Overview
This node converts HTML content into a DOCX document using a local Pandoc executable. It supports inputting HTML directly or extracting it from a JSON field. The node is useful for automating document generation workflows where HTML content needs to be transformed into Word documents, such as generating reports, letters, or formatted documents from web content or other HTML sources.
Use Case Examples
- Convert a simple HTML snippet directly into a DOCX file for download or further processing.
- Extract HTML content from a JSON field in incoming data and convert it into a DOCX document.
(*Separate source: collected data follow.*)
locale damped_kepler_arc =
  fixes x v :: "real \<Rightarrow> real^2" and d :: "real \<Rightarrow> real" and M T :: real
  assumes T_pos: "T > 0"
    and x_nonzero: "\<And>t. t \<in> {-T..0} \<Longrightarrow> x t \<noteq> 0"
    and d_nonneg: "\<And>t. t \<in> {-T..0} \<Longrightarrow> 0 \<le> d t"
    and d_le: "\<And>t. t \<in> {-T..0} \<Longrightarrow> d t \<le> M"
    and x_deriv: "\<And>t. t \<in> {-T..0} \<Longrightarrow> (x has_vector_derivative v t) (at t within {-T..0})"
    and v_deriv: "\<And>t. t \<in> {-T..0} \<Longrightarrow>
      (v has_vector_derivative - (d t *\<^sub>R v t) - (1 / norm (x t) ^ 3) *\<^sub>R x t) (at t within {-T..0})"
begin

definition ang_mom :: "real \<Rightarrow> real" where
  "ang_mom t = det2 (x t) (v t)"

definition energy :: "real \<Rightarrow> real" where
  "energy t = (norm (v t))\<^sup>2 / 2 - 1 / norm (x t)"

lemma M_nonneg: "0 \<le> M"
  using d_nonneg[of 0] d_le[of 0] T_pos by force

lemma sqnorm_deriv:
  assumes "t \<in> {-T..0}"
  shows "((\<lambda>s. (norm (x s))\<^sup>2) has_real_derivative 2 * inner (x t) (v t)) (at t within {-T..0})"
  using has_real_derivative_inner[OF x_deriv x_deriv, OF assms assms]
  by (simp add: power2_norm_eq_inner inner_commute)

lemma norm_deriv:
  assumes "t \<in> {-T..0}"
  shows "((\<lambda>s. norm (x s)) has_real_derivative inner (x t) (v t) / norm (x t)) (at t within {-T..0})"
  using has_real_derivative_norm[OF x_deriv x_nonzero, OF assms assms] .

lemma radial_deriv:
  assumes "t \<in> {-T..0}"
  shows "((\<lambda>s. inner (x s) (v s)) has_real_derivative
      (norm (v t))\<^sup>2 - d t * inner (x t) (v t) - 1 / norm (x t)) (at t within {-T..0})"
proof -
  have "norm (x t) > 0" using x_nonzero[OF assms] by simp
  then have "inner (x t) (- (d t *\<^sub>R v t) - (1 / norm (x t) ^ 3) *\<^sub>R x t) + inner (v t) (v t)
      = (norm (v t))\<^sup>2 - d t * inner (x t) (v t) - 1 / norm (x t)"
    by (simp add: inner_diff_right dot_square_norm power2_eq_square power3_eq_cube)
  then show ?thesis
    using has_real_derivative_inner[OF x_deriv v_deriv, OF assms assms] by simp
qed

lemma ang_mom_deriv:
  assumes "t \<in> {-T..0}"
  shows "(ang_mom has_real_derivative - d t * ang_mom t) (at t within {-T..0})"
  using has_real_derivative_det2[OF x_deriv v_deriv, OF assms assms]
  unfolding ang_mom_def[abs_def] by (simp add: det2_def algebra_simps)

lemma energy_deriv:
  assumes "t \<in> {-T..0}"
  shows "(energy has_real_derivative - d t * (norm (v t))\<^sup>2) (at t within {-T..0})"
proof -
  define acc where "acc = - (d t *\<^sub>R v t) - (1 / norm (x t) ^ 3) *\<^sub>R x t"
  have R: "norm (x t) > 0" using x_nonzero[OF assms] by simp
  have "energy = (\<lambda>s. inner (v s) (v s) / 2 - 1 / norm (x s))"
    by (simp add: energy_def fun_eq_iff dot_square_norm)
  moreover have "((\<lambda>s. inner (v s) (v s) / 2 - 1 / norm (x s)) has_real_derivative
      inner (v t) acc + inner (x t) (v t) / norm (x t) ^ 3) (at t within {-T..0})"
    using R unfolding acc_def
    by (auto intro!: derivative_eq_intros has_real_derivative_inner v_deriv norm_deriv assms
        simp: inner_commute power2_eq_square power3_eq_cube)
  moreover have "inner (v t) acc + inner (x t) (v t) / norm (x t) ^ 3 = - d t * (norm (v t))\<^sup>2"
    unfolding acc_def by (simp add: inner_diff_right inner_commute dot_square_norm)
  ultimately show ?thesis by simp
qed

lemma energy_0_le:
  assumes "t \<in> {-T..0}"
  shows "energy 0 \<le> energy t"
proof -
  have "energy 0 - energy t \<le> 0 * (0 - t)"
  proof (rule DERIV_le_imp_diff_le)
    fix s assume "s \<in> {t..0}"
    with assms have s: "s \<in> {-T..0}" by auto
    show "(energy has_real_derivative - d s * (norm (v s))\<^sup>2) (at s within {-T..0})"
      using energy_deriv[OF s] .
    show "- d s * (norm (v s))\<^sup>2 \<le> 0"
      using d_nonneg[OF s] by simp
  qed (use assms in auto)
  then show ?thesis by simp
qed

lemma ang_mom_sq_le:
  assumes "t \<in> {-T..0}"
  shows "(ang_mom t)\<^sup>2 \<le> 2 * (norm (x t))\<^sup>2 * energy t + 2 * norm (x t)"
proof -
  have "norm (x t) > 0" using x_nonzero[OF assms] by simp
  then have "(norm (x t))\<^sup>2 * (norm (v t))\<^sup>2 = 2 * (norm (x t))\<^sup>2 * energy t + 2 * norm (x t)"
    by (simp add: energy_def power2_eq_square field_simps)
  with det2_sq_add_inner_sq[of "x t" "v t"] show ?thesis
    unfolding ang_mom_def using zero_le_power2[of "inner (x t) (v t)"] by linarith
qed

lemma radial_div_deriv:
  assumes "t \<in> {-T..0}"
    and y_deriv: "(y has_real_derivative - d t * y t) (at t within {-T..0})" and "y t \<noteq> 0"
  shows "((\<lambda>s. inner (x s) (v s) / y s) has_real_derivative
      ((norm (v t))\<^sup>2 - 1 / norm (x t)) / y t) (at t within {-T..0})"
  using DERIV_divide[OF radial_deriv[OF assms(1)] y_deriv \<open>y t \<noteq> 0\<close>]
  by (rule DERIV_cong) (use \<open>y t \<noteq> 0\<close> in \<open>simp add: field_simps\<close>)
- Embed local resources like images and CSS into the DOCX to produce standalone documents.
Properties
| Name | Meaning |
|---|---|
| HTML Source | Selects the source of the HTML input, either direct HTML input or from a JSON field. |
| HTML | The direct HTML string to convert to DOCX, used if HTML Source is 'Direct HTML'. |
| JSON Field | The JSON field path to extract the HTML string from, used if HTML Source is 'JSON Field'. |
| Output Binary Property | The name of the binary property where the resulting DOCX file will be stored. |
| File Name | The file name to assign to the generated DOCX document. |
| Pandoc Path | The path to the Pandoc executable, either absolute or available in system PATH. |
| Embed Resources | Whether to embed local resources (images, CSS) into the DOCX to produce a standalone document. |
| Resource Paths | Directories to search for local resources referenced in the HTML. |
| Reference DOCX Source | Selects a reference DOCX template to use during conversion, either none, a filesystem path, or a built-in minimal template. |
| Reference DOCX Path | Absolute path to the reference DOCX template, used if Reference DOCX Source is 'Filesystem Path'. |
| Whitespace Policy | How to normalize whitespace during conversion, either collapsing or preserving line breaks. |
| Use Minimal Reference | Whether to prefer using a minimal reference DOCX template when converting. |
| Timeout | Timeout in seconds for the Pandoc process to complete. |
| Additional Pandoc Arguments | Additional command-line arguments to pass to Pandoc for advanced customization. |
| Clean Output Mode | Enable output cleanup to simplify the DOCX structure, making it easier to diff and maintain. |
| Punctuation Normalization | Normalize common punctuation such as smart quotes and dashes, with options off or conservative. |
| Sanitize via CommonMark | Roundtrip HTML through CommonMark to simplify and sanitize the structure. |
| Strip Formatting Except Bold/Italic | Remove all formatting except bold and italic, preserving paragraph styles and numbering. |
| Remove Bookmarks | Remove bookmark tags from the DOCX output. |
| Collapse Empty Runs/Paragraphs | Remove empty runs and paragraphs produced by the conversion process. |
| Ensure xml:space="preserve" on Text | Ensure that text elements retain spacing by setting xml:space="preserve". |
| Normalization Profile (JSON) | Advanced JSON configuration for normalization profile to override defaults. |
Output
Binary
The node outputs the generated DOCX file as binary data under the specified binary property name.
JSON
error- Error message if the conversion fails for an item.
Dependencies
- Requires a local Pandoc executable accessible via the specified path or system PATH.
Troubleshooting
- Common issues include Pandoc not being installed or the path to the Pandoc executable being incorrect, resulting in errors when attempting to run the conversion.
- If the HTML source field specified does not contain a string, the node throws an error indicating the JSON field is not a string.
- Timeout errors may occur if the Pandoc process takes longer than the specified timeout parameter; increasing the timeout may resolve this.
- Errors related to resource embedding may occur if the Pandoc version does not support embedding resources; ensure the Pandoc version is compatible.
Links
- Pandoc Official Website - Official site for Pandoc, the document converter used by this node.